Systems of Equations in Three Variables

In mathematics, simultaneous equations are a set of equations containing multiple variables. This set is often referred to as a system of equations. A solution to a system of equations is a particular specification of the values of all variables that simultaneously satisfies all of the equations. Graphically, the solution is where the functions intersect.

In a system of equations in three variables, you can have one or more equations, each of which may contain one or more of the three variables, usually x, y, and z. The introduction of the variable z means that the graphed functions now represent planes, rather than lines. 

A Simple Example

This is a set of linear equations, also known as a linear system of equations, in three variables:

$\left\{\begin{matrix} 3x+2y-z=6\\ -2x+2y+z=3\\ x+y+z=4\\ \end{matrix}\right.$

The solution to this system of equations is:

 $\left\{\begin{matrix} x=1\\ y=2\\ z=1\\ \end{matrix}\right.$

Plug in these values to each of the equations to see that the solution satisfies all three of the equations.

Solving Systems of Equations in Three Variables

Graphical Method

The graphical method of solving a system of equations in three variables involves plotting the planes that are formed when graphing each equation in the system and then finding the intersection point of all three planes. The single point where all three planes intersect is the unique solution to the system.

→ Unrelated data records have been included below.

(* Let $\Lambda$ be a qubit channel (completely positive trace-preserving map on $2\times2$ density matrices). There exists a two-qubit state $\rho$ such that $\mathcal C\big((\mathrm{id}_A\otimes\Lambda)(\rho)\big)>\mathcal C(\rho)$ if and only if $\Lambda$ is neither unital nor semi-classical.
   Context: For a two-qubit state $\rho$ on $\mathcal H_A\otimes\mathcal H_B$ and a POVM element $M$ on $\mathcal H_A$ ($0\le M\le \mathbb 1$) with $p_M:=\mathrm{tr}(M\otimes\mathbb 1\,\rho)>0$, Bob's steered state is $\rho_B^M:=\mathrm{tr}_A(M\otimes\mathbb 1\,\rho)/p_M$. The maximal steered coherence is $$\mathcal C(\rho)=\inf_{\Xi}\ \max_{M}\ \frac{1}{p_M}\sum_{i\neq j}\big|\langle\xi_i|\mathrm{tr}_A(M\otimes \mathbb 1\,\rho)|\xi_j\rangle\big|,$$ where the infimum is over all orthonormal eigenbases $\Xi=\{|\xi_i\rangle\}$ of $\rho_B=\mathrm{tr}_A\rho$ (unique up to phases when $\rho_B$ is non-degenerate) and the maximum is over POVM elements $M$ on $\mathcal H_A$ with $p_M>0$. A channel $\Lambda$ is unital if $\Lambda(\mathbb 1)=\mathbb 1$. It is semi-classical if there is a fixed orthonormal basis $\{|k\rangle\}$ such that for every input state $\rho$, $\Lambda(\rho)=\sum_k p_k(\rho)|k\rangle\langle k|$ for some probabilities $p_k(\rho)$. *)

theory Defs
  imports Complex_Main
begin

text \<open>A qubit has basis indexed by bool; a two-qubit system (A,B) by bool \<times> bool,
  with first component the A index and second component the B index.\<close>

type_synonym 'i cmat = "'i \<Rightarrow> 'i \<Rightarrow> complex"
type_synonym 'i cvec = "'i \<Rightarrow> complex"

definition qform_on :: "'i set \<Rightarrow> 'i cmat \<Rightarrow> 'i cvec \<Rightarrow> complex" where
  "qform_on I A v = (\<Sum>i\<in>I. \<Sum>j\<in>I. cnj (v i) * A i j * v j)"

text \<open>Positive semidefinite on the (finite) index set I: the quadratic form is real and
  nonnegative for all complex vectors (this includes hermiticity).\<close>
definition psd_on :: "'i set \<Rightarrow> 'i cmat \<Rightarrow> bool" where
  "psd_on I A \<longleftrightarrow> (\<forall>v. Im (qform_on I A v) = 0 \<and> Re (qform_on I A v) \<ge> 0)"

abbreviation psd :: "('i::finite) cmat \<Rightarrow> bool" where
  "psd A \<equiv> psd_on UNIV A"

definition trace :: "('i::finite) cmat \<Rightarrow> complex" where
  "trace A = (\<Sum>i\<in>UNIV. A i i)"

definition idm :: "'i cmat" where
  "idm = (\<lambda>i j. if i = j then 1 else 0)"

definition density :: "('i::finite) cmat \<Rightarrow> bool" where
  "density A \<longleftrightarrow> psd A \<and> trace A = 1"

definition povm_elem :: "('i::finite) cmat \<Rightarrow> bool" where
  "povm_elem M \<longleftrightarrow> psd M \<and> psd (\<lambda>i j. idm i j - M i j)"

definition inner :: "('i::finite) cvec \<Rightarrow> 'i cvec \<Rightarrow> complex" where
  "inner u v = (\<Sum>k\<in>UNIV. cnj (u k) * v k)"

definition sandwich :: "('i::finite) cvec \<Rightarrow> 'i cmat \<Rightarrow> 'i cvec \<Rightarrow> complex" where
  "sandwich u A v = (\<Sum>k\<in>UNIV. \<Sum>l\<in>UNIV. cnj (u k) * A k l * v l)"

definition mat_vec :: "('i::finite) cmat \<Rightarrow> 'i cvec \<Rightarrow> 'i cvec" where
  "mat_vec A v = (\<lambda>k. \<Sum>l\<in>UNIV. A k l * v l)"

definition orthonormal_basis :: "(bool \<Rightarrow> bool cvec) \<Rightarrow> bool" where
  "orthonormal_basis \<xi> \<longleftrightarrow> (\<forall>k l. inner (\<xi> k) (\<xi> l) = (if k = l then 1 else 0))"

definition eigenbasis :: "bool cmat \<Rightarrow> (bool \<Rightarrow> bool cvec) \<Rightarrow> bool" where
  "eigenbasis A \<xi> \<longleftrightarrow> orthonormal_basis \<xi> \<and>
     (\<forall>k. \<exists>c::complex. mat_vec A (\<xi> k) = (\<lambda>l. c * \<xi> k l))"

definition ptrA :: "('a::finite \<times> 'b) cmat \<Rightarrow> 'b cmat" where
  "ptrA X = (\<lambda>i j. \<Sum>a\<in>UNIV. X (a, i) (a, j))"

definition tensor_id_mult :: "('a::finite) cmat \<Rightarrow> ('a \<times> 'b) cmat \<Rightarrow> ('a \<times> 'b) cmat" where
  "tensor_id_mult M X = (\<lambda>(a, i) (b, j). \<Sum>c\<in>UNIV. M a c * X (c, i) (b, j))"

definition id_tensor :: "('b cmat \<Rightarrow> 'c cmat) \<Rightarrow> ('a \<times> 'b) cmat \<Rightarrow> ('a \<times> 'c) cmat" where
  "id_tensor \<Lambda> X = (\<lambda>(a, i) (b, j). \<Lambda> (\<lambda>k l. X (a, k) (b, l)) i j)"

definition steered :: "bool cmat \<Rightarrow> (bool \<times> bool) cmat \<Rightarrow> bool cmat" where
  "steered M \<rho> = ptrA (tensor_id_mult M \<rho>)"

definition prob_M :: "bool cmat \<Rightarrow> (bool \<times> bool) cmat \<Rightarrow> real" where
  "prob_M M \<rho> = Re (trace (tensor_id_mult M \<rho>))"

definition steered_coherence :: "(bool \<times> bool) cmat \<Rightarrow> real" where
  "steered_coherence \<rho> =
     (INF \<xi>\<in>{\<xi>. eigenbasis (ptrA \<rho>) \<xi>}.
        SUP M\<in>{M. povm_elem M \<and> prob_M M \<rho> > 0}.
          (1 / prob_M M \<rho>) *
            (\<Sum>(i, j)\<in>{(i, j). i \<noteq> j}. cmod (sandwich (\<xi> i) (steered M \<rho>) (\<xi> j))))"

definition linear_map :: "('b cmat \<Rightarrow> 'c cmat) \<Rightarrow> bool" where
  "linear_map \<Lambda> \<longleftrightarrow> (\<forall>a b X Y. \<Lambda> (\<lambda>i j. a * X i j + b * Y i j) =
                                   (\<lambda>i j. a * \<Lambda> X i j + b * \<Lambda> Y i j))"

definition completely_positive :: "(('b::finite) cmat \<Rightarrow> ('c::finite) cmat) \<Rightarrow> bool" where
  "completely_positive \<Lambda> \<longleftrightarrow>
     (\<forall>(n::nat) (X :: (nat \<times> 'b) cmat). psd_on ({..<n} \<times> UNIV) X \<longrightarrow>
        psd_on ({..<n} \<times> UNIV) (id_tensor \<Lambda> X))"

definition trace_preserving :: "(('b::finite) cmat \<Rightarrow> ('c::finite) cmat) \<Rightarrow> bool" where
  "trace_preserving \<Lambda> \<longleftrightarrow> (\<forall>X. trace (\<Lambda> X) = trace X)"

definition qubit_channel :: "(bool cmat \<Rightarrow> bool cmat) \<Rightarrow> bool" where
  "qubit_channel \<Lambda> \<longleftrightarrow> linear_map \<Lambda> \<and> completely_positive \<Lambda> \<and> trace_preserving \<Lambda>"

definition unital :: "(bool cmat \<Rightarrow> bool cmat) \<Rightarrow> bool" where
  "unital \<Lambda> \<longleftrightarrow> \<Lambda> idm = idm"

definition semi_classical :: "(bool cmat \<Rightarrow> bool cmat) \<Rightarrow> bool" where
  "semi_classical \<Lambda> \<longleftrightarrow> (\<exists>e. orthonormal_basis e \<and>
     (\<forall>\<rho>. density \<rho> \<longrightarrow> (\<exists>p :: bool \<Rightarrow> real. (\<forall>k. p k \<ge> 0) \<and> (\<Sum>k\<in>UNIV. p k) = 1 \<and>
        \<Lambda> \<rho> = (\<lambda>i j. \<Sum>k\<in>UNIV. complex_of_real (p k) * e k i * cnj (e k j)))))"

end

theory Submission
  imports Defs
begin

text \<open>
  Write Bob's qubit operators as \<open>x\<^sub>0 \<one> + x \<cdot> \<sigma>\<close>. A qubit channel then acts on Bloch vectors
  affinely, \<open>x \<mapsto> t + T x\<close> with \<open>T\<close> linear, and it is unital iff \<open>t = 0\<close>. If a steered state has
  weight \<open>p\<close> and Bloch vector \<open>x\<close>, its l1-coherence in an eigenbasis of Bob's marginal with Bloch axis
  \<open>n\<close> is \<open>2 |x \<times> n| / p\<close>.

  For a unital channel \<open>T\<close> is a contraction; moving the axis \<open>n\<close> to the direction of \<open>T n\<close> gives an
  eigenbasis of the output marginal in which every steered state has no more coherence than before.
  For a semi-classical channel all outputs are diagonal in one fixed basis, which is also an
  eigenbasis of the output marginal, so the output has no steered coherence at all. Conversely, if
  \<open>t \<noteq> 0\<close> and some \<open>T u\<close> with \<open>u\<close> a unit vector is not parallel to \<open>t\<close>, the classically correlated state
  \<open>(|0\<rangle>\<langle>0| \<otimes> |u\<rangle>\<langle>u| + |1\<rangle>\<langle>1| \<otimes> |u\<^sup>\<bottom>\<rangle>\<langle>u\<^sup>\<bottom>|) / 2\<close> has no steered coherence, while after the
  channel the marginal's eigenbasis is forced onto the axis of \<open>t\<close> and the state steered by
  \<open>|0\<rangle>\<langle>0|\<close> has coherence \<open>|T u \<times> t| / |t| > 0\<close>.
\<close>

lemma sum_UNIV_bool: "(\<Sum>x\<in>(UNIV::bool set). f x) = f False + f True"
  by (simp add: UNIV_bool)

lemma sum_UNIV_prod:
  "(\<Sum>x\<in>(UNIV::('a::finite \<times> 'b::finite) set). f x) = (\<Sum>a\<in>UNIV. \<Sum>b\<in>UNIV. f (a, b))"
  by (simp add: sum.cartesian_product UNIV_Times_UNIV[symmetric] del: UNIV_Times_UNIV)

datatype vec3 = Vec3 (vx: real) (vy: real) (vz: real)

lemma vec3_eq_iff: "x = y \<longleftrightarrow> vx x = vx y \<and> vy x = vy y \<and> vz x = vz y"
  by (cases x; cases y) simp

instantiation vec3 :: real_vector
begin

definition "0 = Vec3 0 0 0"
definition "x + y = Vec3 (vx x + vx y) (vy x + vy y) (vz x + vz y)"
definition "x - y = Vec3 (vx x - vx y) (vy x - vy y) (vz x - vz y)"
definition "- x = Vec3 (- vx x) (- vy x) (- vz x)"
definition "r *\<^sub>R x = Vec3 (r * vx x) (r * vy x) (r * vz x)"

instance
  by standard (simp_all add: vec3_eq_iff zero_vec3_def plus_vec3_def minus_vec3_def
      uminus_vec3_def scaleR_vec3_def algebra_simps)

end

lemma vec3_components [simp]:
  "vx 0 = 0" "vy 0 = 0" "vz 0 = 0"
  "vx (x + y) = vx x + vx y" "vy (x + y) = vy x + vy y" "vz (x + y) = vz x + vz y"
  "vx (x - y) = vx x - vx y" "vy (x - y) = vy x - vy y" "vz (x - y) = vz x - vz y"
  "vx (- x) = - vx x" "vy (- x) = - vy x" "vz (- x) = - vz x"
  "vx (r *\<^sub>R x) = r * vx x" "vy (r *\<^sub>R x) = r * vy x" "vz (r *\<^sub>R x) = r * vz x"
  by (simp_all add: zero_vec3_def plus_vec3_def minus_vec3_def uminus_vec3_def scaleR_vec3_def)

definition dot :: "vec3 \<Rightarrow> vec3 \<Rightarrow> real" where
  "dot x y = vx x * vx y + vy x * vy y + vz x * vz y"

definition cross :: "vec3 \<Rightarrow> vec3 \<Rightarrow> vec3" where
  "cross x y = Vec3 (vy x * vz y - vz x * vy y) (vz x * vx y - vx x * vz y) (vx x * vy y - vy x * vx y)"

definition sqnorm :: "vec3 \<Rightarrow> real" where
  "sqnorm x = dot x x"

lemma dot_commute: "dot x y = dot y x"
  by (simp add: dot_def algebra_simps)

lemma dot_add_left [simp]: "dot (x + y) z = dot x z + dot y z"
  and dot_add_right [simp]: "dot z (x + y) = dot z x + dot z y"
  and dot_diff_left [simp]: "dot (x - y) z = dot x z - dot y z"
  and dot_diff_right [simp]: "dot z (x - y) = dot z x - dot z y"
  and dot_minus_left [simp]: "dot (- x) y = - dot x y"
  and dot_minus_right [simp]: "dot x (- y) = - dot x y"
  and dot_scaleR_left [simp]: "dot (r *\<^sub>R x) y = r * dot x y"
  and dot_scaleR_right [simp]: "dot x (r *\<^sub>R y) = r * dot x y"
  by (simp_all add: dot_def algebra_simps)

lemma dot_zero_left [simp]: "dot 0 y = 0"
  and dot_zero_right [simp]: "dot x 0 = 0"
  by (simp_all add: dot_def)

lemma cross_add_left [simp]: "cross (x + y) z = cross x z + cross y z"
  and cross_add_right [simp]: "cross z (x + y) = cross z x + cross z y"
  and cross_diff_left [simp]: "cross (x - y) z = cross x z - cross y z"
  and cross_scaleR_left [simp]: "cross (r *\<^sub>R x) y = r *\<^sub>R cross x y"
  and cross_scaleR_right [simp]: "cross x (r *\<^sub>R y) = r *\<^sub>R cross x y"
  and cross_zero_left [simp]: "cross 0 y = 0"
  and cross_zero_right [simp]: "cross x 0 = 0"
  and cross_self [simp]: "cross x x = 0"
  by (simp_all add: vec3_eq_iff cross_def algebra_simps)

lemma cross_commute: "cross x y = - cross y x"
  by (simp add: vec3_eq_iff cross_def)

lemma sqnorm_nonneg [simp]: "0 \<le> sqnorm x"
  by (simp add: sqnorm_def dot_def)

lemma sqnorm_zero [simp]: "sqnorm 0 = 0"
  by (simp add: sqnorm_def)

lemma sqnorm_minus [simp]: "sqnorm (- x) = sqnorm x"
  by (simp add: sqnorm_def)

lemma sqnorm_eq_0_iff [simp]: "sqnorm x = 0 \<longleftrightarrow> x = 0"
  by (simp add: sqnorm_def dot_def vec3_eq_iff add_nonneg_eq_0_iff)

System of linear equations

This images shows a system of three equations in three variables. The intersecting point (white dot) is the unique solution to this system.

Substitution Method

The substitution method of solving a system of equations in three variables involves identifying an equation that can be easily by written with a single variable as the subject (by solving the equation for that variable). Next, substitute that expression where that variable appears in the other two equations, thereby obtaining a smaller system with fewer variables. After that smaller system has been solved, whether by further application of the substitution method or by other methods, substitute the solutions found for the variables back into the first right-hand side expression.

For example, consider this system of equations:

$\left\{\begin{matrix} 3x+2y-z=6\\ -2x+2y+z=3\\ x+y+z=4\\ \end{matrix}\right.$

Since the coefficient of z is already 1 in the first equation, solve for z to get:

$z=3x+2y-6$

Substitute this expression for z into the other two equations:

$\left\{\begin{matrix} -2x+2y+(3x+2y-6)=3\\ x+y+(3x+2y-6)=4\\ \end{matrix}\right.$

This new system simplifies to:

$\left\{\begin{matrix} x+4y=9\\ 4x+3y=10\\ \end{matrix}\right.$

Now solving for x in the first equation, one gets: 

$x=9-4y$. 

Substitute this expression for x into the last equation in the system and solve for y:

$\displaystyle \begin{aligned} 4(9-4y)+3y &=10 \\36-16y+3y&=10 \\13y&=26 \\y&=2 \end{aligned} $

Now that you have the value of y, work back up the equation. Plug $y=2$ into the equation $x=9-4y$ to get $x=1$. 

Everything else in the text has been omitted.